(* Let $\mathcal{A}\in\mathbb{R}^{m\times m\times n}$ be $(1,2)$-symmetric and let $r_1\le m$, $r_3\le n$. Assume that the solution $(U,V,W)$ of the best rank-$(r_1,r_1,r_3)$ approximation problem for $\mathcal{A}$ is unique (as an equivalence class). Then a representative of the solution can be chosen with $U=V$, and for this representative the core tensor $\mathcal{F}=\mathcal{A}\cdot(U,U,W)$ is $(1,2)$-symmetric.
   Context: A tensor $\mathcal{A}\in\mathbb{R}^{m\times m\times n}$ is $(1,2)$-symmetric if $\mathcal{A}(i,j,k)=\mathcal{A}(j,i,k)$ for all $i,j,k$. Multilinear multiplication: for $\mathcal{H}\in\mathbb{R}^{p\times q\times r}$ and matrices $X\in\mathbb{R}^{l\times p}$, $Y\in\mathbb{R}^{m\times q}$, $Z\in\mathbb{R}^{n\times r}$, $(X,Y,Z)\cdot\mathcal{H}\in\mathbb{R}^{l\times m\times n}$ has entries $\sum_{\alpha,\beta,\gamma}x_{i\alpha}y_{j\beta}z_{k\gamma}h_{\alpha\beta\gamma}$, and $\mathcal{A}\cdot(X,Y,Z):=(X^{T},Y^{T},Z^{T})\cdot\mathcal{A}\in\mathbb{R}^{p\times q\times r}$. The norm is the Frobenius norm $\|\mathcal{A}\|^2=\sum a_{\alpha\beta\gamma}^2$. The best rank-$(r_1,r_2,r_3)$ approximation problem for $\mathcal{A}$ is $\min\|\mathcal{A}-(X,Y,Z)\cdot\mathcal{H}\|$ over $X,Y,Z$ with orthonormal columns ($r_1,r_2,r_3$ columns respectively) and cores $\mathcal{H}\in\mathbb{R}^{r_1\times r_2\times r_3}$, equivalently $\max\|\mathcal{A}\cdot(X,Y,Z)\|$ over such $X,Y,Z$; a solution is a triple $(U,V,W)$, with core $\mathcal{F}=\mathcal{A}\cdot(U,V,W)$. A solution is regarded as an equivalence class: $(U,V,W)$ is identified with $(UQ_1,VQ_2,WQ_3)$ for all orthogonal $Q_i\in\mathbb{R}^{r_i\times r_i}$; "unique solution" means the equivalence class of maximizers is unique. *)

theory Defs
  imports Complex_Main
begin

text \<open>Third-order tensors in R^(p x q x r) are functions nat => nat => nat => real, only
the entries with indices below the dimensions are relevant. Matrices in R^(p x r) are
functions nat => nat => real, indexed (row, column), only entries below the dimensions
are relevant.\<close>

type_synonym tensor3 = "nat \<Rightarrow> nat \<Rightarrow> nat \<Rightarrow> real"
type_synonym mat = "nat \<Rightarrow> nat \<Rightarrow> real"

definition sym12 :: "nat \<Rightarrow> nat \<Rightarrow> tensor3 \<Rightarrow> bool" where
  "sym12 m n A \<longleftrightarrow> (\<forall>i<m. \<forall>j<m. \<forall>k<n. A i j k = A j i k)"

definition orthonormal_cols :: "nat \<Rightarrow> nat \<Rightarrow> mat \<Rightarrow> bool" where
  "orthonormal_cols p r X \<longleftrightarrow>
     (\<forall>a<r. \<forall>b<r. (\<Sum>i<p. X i a * X i b) = (if a = b then 1 else 0))"

text \<open>A . (X,Y,Z) = (X^T, Y^T, Z^T) . A, for A of size p x q x s.\<close>
definition tmul :: "nat \<Rightarrow> nat \<Rightarrow> nat \<Rightarrow> tensor3 \<Rightarrow> mat \<Rightarrow> mat \<Rightarrow> mat \<Rightarrow> tensor3" where
  "tmul p q s A X Y Z = (\<lambda>a b c.
     (\<Sum>i<p. \<Sum>j<q. \<Sum>k<s. X i a * Y j b * Z k c * A i j k))"

definition fro_sq :: "nat \<Rightarrow> nat \<Rightarrow> nat \<Rightarrow> tensor3 \<Rightarrow> real" where
  "fro_sq p q s H = (\<Sum>a<p. \<Sum>b<q. \<Sum>c<s. (H a b c)\<^sup>2)"

text \<open>(X,Y,Z) is a solution of the best rank-(r1,r2,r3) approximation problem for the
p x q x s tensor A, in the equivalent form: maximize ||A . (X,Y,Z)|| over X,Y,Z with
orthonormal columns.\<close>
definition is_best_lra ::
  "nat \<Rightarrow> nat \<Rightarrow> nat \<Rightarrow> tensor3 \<Rightarrow> nat \<Rightarrow> nat \<Rightarrow> nat \<Rightarrow> mat \<Rightarrow> mat \<Rightarrow> mat \<Rightarrow> bool" where
  "is_best_lra p q s A r1 r2 r3 X Y Z \<longleftrightarrow>
     orthonormal_cols p r1 X \<and> orthonormal_cols q r2 Y \<and> orthonormal_cols s r3 Z \<and>
     (\<forall>X' Y' Z'. orthonormal_cols p r1 X' \<and> orthonormal_cols q r2 Y' \<and> orthonormal_cols s r3 Z'
        \<longrightarrow> fro_sq r1 r2 r3 (tmul p q s A X' Y' Z') \<le> fro_sq r1 r2 r3 (tmul p q s A X Y Z))"

definition orthogonal_mat :: "nat \<Rightarrow> mat \<Rightarrow> bool" where
  "orthogonal_mat r Q \<longleftrightarrow> orthonormal_cols r r Q"

definition right_mult_eq :: "nat \<Rightarrow> nat \<Rightarrow> mat \<Rightarrow> mat \<Rightarrow> mat \<Rightarrow> bool" where
  "right_mult_eq p r X Q X' \<longleftrightarrow> (\<forall>i<p. \<forall>a<r. X' i a = (\<Sum>b<r. X i b * Q b a))"

definition triple_equiv ::
  "nat \<Rightarrow> nat \<Rightarrow> nat \<Rightarrow> nat \<Rightarrow> nat \<Rightarrow> nat \<Rightarrow> mat \<Rightarrow> mat \<Rightarrow> mat \<Rightarrow> mat \<Rightarrow> mat \<Rightarrow> mat \<Rightarrow> bool" where
  "triple_equiv p q s r1 r2 r3 X Y Z X' Y' Z' \<longleftrightarrow>
     (\<exists>Q1 Q2 Q3. orthogonal_mat r1 Q1 \<and> orthogonal_mat r2 Q2 \<and> orthogonal_mat r3 Q3 \<and>
        right_mult_eq p r1 X Q1 X' \<and> right_mult_eq q r2 Y Q2 Y' \<and> right_mult_eq s r3 Z Q3 Z')"

end

theory Submission
  imports Defs
begin

text \<open>Since \<open>\<A>\<close> is (1,2)-symmetric, swapping the first two factors of a solution
  \<open>(U, V, W)\<close> gives another solution \<open>(V, U, W)\<close>; uniqueness yields \<open>V = U Q\<close> with
  \<open>Q\<close> orthogonal. By Bessel's inequality, multiplying the second factor by \<open>Q\<close> cannot
  increase the norm of the core, so \<open>(U, U, W)\<close> is a solution as well, hence a
  representative of the unique class. Its core is (1,2)-symmetric because \<open>\<A>\<close> is.\<close>

lemma orthonormal_cols_Bessel:
  fixes Q :: mat and x :: "nat \<Rightarrow> real"
  assumes "orthonormal_cols p r Q"
  shows "(\<Sum>b<r. (\<Sum>d<p. Q d b * x d)\<^sup>2) \<le> (\<Sum>d<p. (x d)\<^sup>2)"
proof -
  define y where "y b = (\<Sum>d<p. Q d b * x d)" for b
  define proj where "proj d = (\<Sum>b<r. y b * Q d b)" for d
  have orth: "\<And>b b'. b < r \<Longrightarrow> b' < r \<Longrightarrow> (\<Sum>d<p. Q d b * Q d b') = (if b = b' then 1 else 0)"
    using assms unfolding orthonormal_cols_def by blast
  have inner: "(\<Sum>d<p. x d * proj d) = (\<Sum>b<r. (y b)\<^sup>2)"
    by (simp add: proj_def y_def sum_distrib_left sum_distrib_right power2_eq_square mult_ac
        sum.swap[of _ "{..<r}"])
  have "(\<Sum>d<p. (proj d)\<^sup>2) = (\<Sum>b<r. \<Sum>b'<r. y b * y b' * (\<Sum>d<p. Q d b * Q d b'))"
    by (simp add: proj_def power2_eq_square sum_distrib_left sum_distrib_right mult_ac
        sum.swap[of _ "{..<p}"])
  also have "\<dots> = (\<Sum>b<r. \<Sum>b'<r. y b * y b' * (if b = b' then 1 else 0))"
    by (intro sum.cong refl) (simp add: orth)
  also have "\<dots> = (\<Sum>b<r. (y b)\<^sup>2)"
    by (simp add: power2_eq_square if_distrib cong: if_cong)
  finally have norm_proj: "(\<Sum>d<p. (proj d)\<^sup>2) = (\<Sum>b<r. (y b)\<^sup>2)" .
  have "0 \<le> (\<Sum>d<p. (x d - proj d)\<^sup>2)"
    by (simp add: sum_nonneg)
  also have "\<dots> = (\<Sum>d<p. (x d)\<^sup>2) - 2 * (\<Sum>d<p. x d * proj d) + (\<Sum>d<p. (proj d)\<^sup>2)"
    by (simp add: power2_diff sum.distrib sum_subtractf sum_distrib_left mult_ac)
  finally show ?thesis
    using inner norm_proj by (simp add: y_def)
qed

lemma tmul_swap_sym12:
  assumes "sym12 m n A"
  shows "tmul m m n A Y X Z a b c = tmul m m n A X Y Z b a c"
proof -
  have "tmul m m n A Y X Z a b c = (\<Sum>i<m. \<Sum>j<m. \<Sum>k<n. Y i a * X j b * Z k c * A j i k)"
    using assms unfolding tmul_def sym12_def by (intro sum.cong refl) auto
  also have "\<dots> = tmul m m n A X Y Z b a c"
    unfolding tmul_def by (subst sum.swap) (simp add: mult_ac)
  finally show ?thesis .
qed

lemma sym12_tmul_same:
  assumes "sym12 m n A"
  shows "sym12 r s (tmul m m n A U U W)"
  unfolding sym12_def using tmul_swap_sym12[OF assms, of U U W] by simp

lemma fro_sq_tmul_swap_sym12:
  assumes "sym12 m n A"
  shows "fro_sq r r s (tmul m m n A Y X Z) = fro_sq r r s (tmul m m n A X Y Z)"
  unfolding fro_sq_def tmul_swap_sym12[OF assms, of Y X] by (subst sum.swap) simp

lemma is_best_lra_swap_sym12:
  assumes "sym12 m n A" "is_best_lra m m n A r r s X Y Z"
  shows "is_best_lra m m n A r r s Y X Z"
  using assms(2) fro_sq_tmul_swap_sym12[OF assms(1)] unfolding is_best_lra_def by metis

lemma tmul_right_mult_second:
  assumes "right_mult_eq q r Y Q Y'" "b < r"
  shows "tmul p q s A X Y' Z a b c = (\<Sum>d<r. Q d b * tmul p q s A X Y Z a d c)"
proof -
  have "tmul p q s A X Y' Z a b c
      = (\<Sum>i<p. \<Sum>j<q. \<Sum>k<s. X i a * (\<Sum>d<r. Y j d * Q d b) * Z k c * A i j k)"
    using assms unfolding tmul_def right_mult_eq_def by (intro sum.cong refl) auto
  also have "\<dots> = (\<Sum>d<r. Q d b * tmul p q s A X Y Z a d c)"
    unfolding tmul_def
    by (simp add: sum_distrib_left sum_distrib_right mult_ac sum.swap[of _ "{..<r}"])
  finally show ?thesis .
qed

lemma fro_sq_tmul_right_mult_second_le:
  assumes "orthogonal_mat r2 Q" "right_mult_eq q r2 Y Q Y'"
  shows "fro_sq r1 r2 r3 (tmul p q s A X Y' Z) \<le> fro_sq r1 r2 r3 (tmul p q s A X Y Z)"
proof -
  let ?T = "tmul p q s A X Y Z"
  have "fro_sq r1 r2 r3 (tmul p q s A X Y' Z)
      = (\<Sum>a<r1. \<Sum>c<r3. \<Sum>b<r2. (tmul p q s A X Y' Z a b c)\<^sup>2)"
    unfolding fro_sq_def by (rule sum.cong[OF refl], rule sum.swap)
  also have "\<dots> = (\<Sum>a<r1. \<Sum>c<r3. \<Sum>b<r2. (\<Sum>d<r2. Q d b * ?T a d c)\<^sup>2)"
    by (intro sum.cong refl) (simp add: tmul_right_mult_second[OF assms(2)])
  also have "\<dots> \<le> (\<Sum>a<r1. \<Sum>c<r3. \<Sum>d<r2. (?T a d c)\<^sup>2)"
    using assms(1) unfolding orthogonal_mat_def by (intro sum_mono orthonormal_cols_Bessel)
  also have "\<dots> = fro_sq r1 r2 r3 ?T"
    unfolding fro_sq_def by (rule sum.cong[OF refl], rule sum.swap)
  finally show ?thesis .
qed

lemma is_best_lra_undo_right_mult_second:
  assumes "is_best_lra p q s A r1 r2 r3 X Y' Z" "orthonormal_cols q r2 Y"
    and "orthogonal_mat r2 Q" "right_mult_eq q r2 Y Q Y'"
  shows "is_best_lra p q s A r1 r2 r3 X Y Z"
  using assms fro_sq_tmul_right_mult_second_le[OF assms(3,4), of r1 r3 p s A X Z]
  unfolding is_best_lra_def by fastforce

theorem proposition2p2:
  fixes m n r1 r3 :: nat and A :: tensor3
  assumes "sym12 m n A"
    and "r1 \<le> m" and "r3 \<le> n"
    and exists_sol: "\<exists>U V W. is_best_lra m m n A r1 r1 r3 U V W"
    and unique_sol: "\<forall>U V W U' V' W'.
          is_best_lra m m n A r1 r1 r3 U V W \<and> is_best_lra m m n A r1 r1 r3 U' V' W'
          \<longrightarrow> triple_equiv m m n r1 r1 r3 U V W U' V' W'"
  shows "\<forall>U0 V0 W0. is_best_lra m m n A r1 r1 r3 U0 V0 W0 \<longrightarrow>
           (\<exists>U W. is_best_lra m m n A r1 r1 r3 U U W \<and>
                  triple_equiv m m n r1 r1 r3 U0 V0 W0 U U W \<and>
                  sym12 r1 r3 (tmul m m n A U U W))"
proof (intro allI impI)
  fix U0 V0 W0
  assume best: "is_best_lra m m n A r1 r1 r3 U0 V0 W0"
  then have "triple_equiv m m n r1 r1 r3 V0 U0 W0 U0 V0 W0"
    using unique_sol is_best_lra_swap_sym12[OF assms(1)] by blast
  then obtain Q where Q: "orthogonal_mat r1 Q" "right_mult_eq m r1 U0 Q V0"
    unfolding triple_equiv_def by blast
  have "orthonormal_cols m r1 U0"
    using best unfolding is_best_lra_def by blast
  from best this Q have best_UUW: "is_best_lra m m n A r1 r1 r3 U0 U0 W0"
    by (rule is_best_lra_undo_right_mult_second)
  moreover have "triple_equiv m m n r1 r1 r3 U0 V0 W0 U0 U0 W0"
    using unique_sol best best_UUW by blast
  ultimately show "\<exists>U W. is_best_lra m m n A r1 r1 r3 U U W \<and>
      triple_equiv m m n r1 r1 r3 U0 V0 W0 U U W \<and> sym12 r1 r3 (tmul m m n A U U W)"
    using sym12_tmul_same[OF assms(1)] by blast
qed

end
--
EXERCISE PROMPT — Copy the stretch of the records above that runs from the line with "a * (\<Sum>d<r." through the line with "by (simp add: sum_distrib_left". Both end lines belong in the copy, and nothing else does.

YOUR RESPONSE —
      = (\<Sum>i<p. \<Sum>j<q. \<Sum>k<s. X i a * (\<Sum>d<r. Y j d * Q d b) * Z k c * A i j k)"
    using assms unfolding tmul_def right_mult_eq_def by (intro sum.cong refl) auto
  also have "\<dots> = (\<Sum>d<r. Q d b * tmul p q s A X Y Z a d c)"
    unfolding tmul_def
    by (simp add: sum_distrib_left sum_distrib_right mult_ac sum.swap[of _ "{..<r}"])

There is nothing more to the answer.